La piste nous a bercées d’images répétitives et fabuleuses. Ces images, on peut les faire défiler sans légende, les faire revenir et les coller comme des siamois ou les désunir à la manière des acrobates après leur numéro. Sur une table, elles seraient un jeu de cartes jeté au hasard, mais retombant avec précision. Elles se développent dans la chambre noire de la mémoire. Comme si le cirque contenait en lui des négatifs perdus, une série d’illuminations ou d’épiphanies fluorescentes.
Le tirage émerveillé de toute cette féerie, on le trouve dans les photographies de Tina Merandon. Elle a vite saisi que de simples clichés de reportage ne suffiraient pas à capter ce mouvement perpétuel des formes. Elle sait bien l’image-magique existe en elle-même, que la fragile toile du chapiteau tient dans sa membrane les ombres chinoises de tous les artistes de la piste.
De manière magistrale, elle laisse venir à nous ces silhouettes blanches. Elle nous les montre flottantes dans l’hélium, aériennes ou inquiétantes, toujours prises dans la beauté d’un geste. Les photographies de Tina Merandon ont ceci en propre qu’elles découpent les corps sur des fonds noirs de graphite scintillant. Parfois, l’écuyère ou le voltigeur sont surexposés, au danger comme à la lumière. Puis il y a les monstres venus des contrées les plus reculées du rêve, l’homme volant et le clown flamme, l’éléphant et la jeune fille, et encore la femme-nénuphar dépliant son ombrelle au-dessus du vide, retenue d’un fil à la pesanteur du monde.

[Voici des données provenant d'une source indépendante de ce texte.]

(* Let $F_{\mathcal P}$ be a function determined by Algorithm 1 for a path $\mathcal P$. Then for every configuration $\vec i$ on $\mathrm{Conn}(\mathcal P)$ and every plaquette $p\in\mathcal B_{\mathcal P}$, $F_{\mathcal P}(\vec i\oplus\vec\alpha^p)=\frac{b_p(\vec i\oplus\vec\alpha^{\mathcal P})}{b_p(\vec i)}F_{\mathcal P}(\vec i)$; equivalently $S^+_{\mathcal P}=X_{\mathcal P}\sum_{\vec i}F_{\mathcal P}(\vec i)|\vec i\rangle\langle\vec i|$ commutes with every $B_p$.
   Context: Let $\Lambda$ be a hexagonal (honeycomb) lattice embedded in a closed orientable surface, with one qubit on each edge. For an edge $j$, $\sigma^x_j,\sigma^z_j$ denote the Pauli operators on qubit $j$ and $n^{\pm}_j=\tfrac12(1\pm\sigma^z_j)$. A (string) configuration $\vec i$ is a computational basis state, viewed as a bit string assigning $0$ (empty) or $1$ (occupied) to each edge; $\vec i\oplus\vec\alpha$ is bitwise addition mod 2. For a hexagonal plaquette $p$, label its boundary edges $1,\dots,6$ cyclically (index $0$ means $6$) and its outgoing edges so that edge $12$ meets edges $6,1$; edge $7$ meets $1,2$; edge $8$ meets $2,3$; edge $9$ meets $3,4$; edge $10$ meets $4,5$; edge $11$ meets $5,6$. Define $B_p=\Big(\prod_{j=1}^6\sigma^x_j\Big)\Big(\prod_{j=1}^6(-1)^{n^-_{j-1}n^+_j}\Big)\,i^{n^-_{12}(n^-_1n^-_6-n^+_1n^+_6)}\,i^{n^-_7(n^+_1n^+_2-n^-_1n^-_2)}\,i^{n^+_8(n^-_2n^+_3-n^+_2n^-_3)}\,i^{n^-_9(n^-_3n^-_4-n^+_3n^+_4)}\,i^{n^-_{10}(n^+_4n^+_5-n^-_4n^-_5)}\,i^{n^+_{11}(n^-_5n^+_6-n^+_5n^-_6)}$; all $B_p$ commute pairwise and square to the identity. Write $B_p=\prod_{j\in\partial p}\sigma^x_j\sum_{\vec i}b_p(\vec i)|\vec i\rangle\langle\vec i|$, defining the phase $b_p(\vec i)$. Let $\vec\alpha^p$ be the configuration occupied exactly on the boundary edges of $p$. A path $\mathcal P$ is a sequence of edges forming a walk; $\vec\alpha^{\mathcal P}$ is the mod-2 sum of the indicators of its edges and $X_{\mathcal P}$ the product of $\sigma^x$ over its edges. $\mathrm{Conn}(\mathcal P)$ is the set of edges of $\mathcal P$ together with all edges sharing a vertex with an edge of $\mathcal P$; $\mathcal B_{\mathcal P}$ is the set of plaquettes with at least one boundary edge in $\mathrm{Conn}(\mathcal P)$. Define $\theta_{\mathcal P}(\vec i,p_1,\dots,p_m)=\prod_{k=1}^m \frac{b_{p_k}(\vec i\oplus\vec\alpha^{\mathcal P}\oplus\bigoplus_{j<k}\vec\alpha^{p_j})}{b_{p_k}(\vec i\oplus\bigoplus_{j<k}\vec\alpha^{p_j})}$ (a configuration on $\mathrm{Conn}(\mathcal P)$ being extended arbitrarily to the whole lattice). The configuration class of $\vec i$ on $\mathrm{Conn}(\mathcal P)$ is $\mathcal C_{\mathcal P}(\vec i)=\{\vec i\oplus\bigoplus_{p\in S}\vec\alpha^p|_{\mathrm{Conn}(\mathcal P)}:S\subseteq\mathcal B_{\mathcal P}\}$. Algorithm 1: for each configuration class pick a representative $\vec i$, set $F_{\mathcal P}(\vec i)$ to an arbitrary unit complex number, and for every subset $\{p_1,\dots,p_m\}\subseteq\mathcal B_{\mathcal P}$ set $F_{\mathcal P}(\vec i\oplus\bigoplus_k\vec\alpha^{p_k})=\theta_{\mathcal P}(\vec i,p_1,\dots,p_m)F_{\mathcal P}(\vec i)$. *)

theory Defs
  imports Complex_Main
begin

Toutes ces images nous regardent, nous et notre enfance, nous et l’inquiétante étrangeté de tout ce qui est vivant, elles sont le réel, enfin photographié.
Yan Ciret 1999
The dance floor has lulled us with repetitive and fabulous images. These images, we can scroll them without a caption, make them come back and stick them together like Siamese twins or disunite them like acrobats after their act. On a table, they would be a deck of cards thrown at random, but falling back with precision. They develop in the darkroom of memory. As if the circus contained within it lost negatives, a series of illuminations or fluorescent epiphanies.
The marvelous print of all this enchantment is found in the photographs of Tina Merandon. She quickly understood that simple reportage shots would not be enough to capture this perpetual movement of forms. She knows that the magical image exists within itself, that the fragile canvas of the big top holds in its membrane the shadowy figures of all the artists in the ring.
In a masterly way, she lets these white silhouettes come to us. She shows them floating in helium, aerial or disturbing, always caught in the beauty of a gesture. Tina Merandon’s photographs have the particularity of cutting out the bodies on black backgrounds of glittering graphite. Sometimes, the horsewoman or the acrobat are overexposed, to danger as well as to light. Then there are the monsters coming from the most remote regions of the dream, the flying man and the flame clown, the elephant and the young girl, and the water lily woman unfolding her parasol above the void, held by a thread to the gravity of the world.
All these images look at us, us and our childhood, us and the disturbing strangeness of all that is alive, they are the real, finally photographed.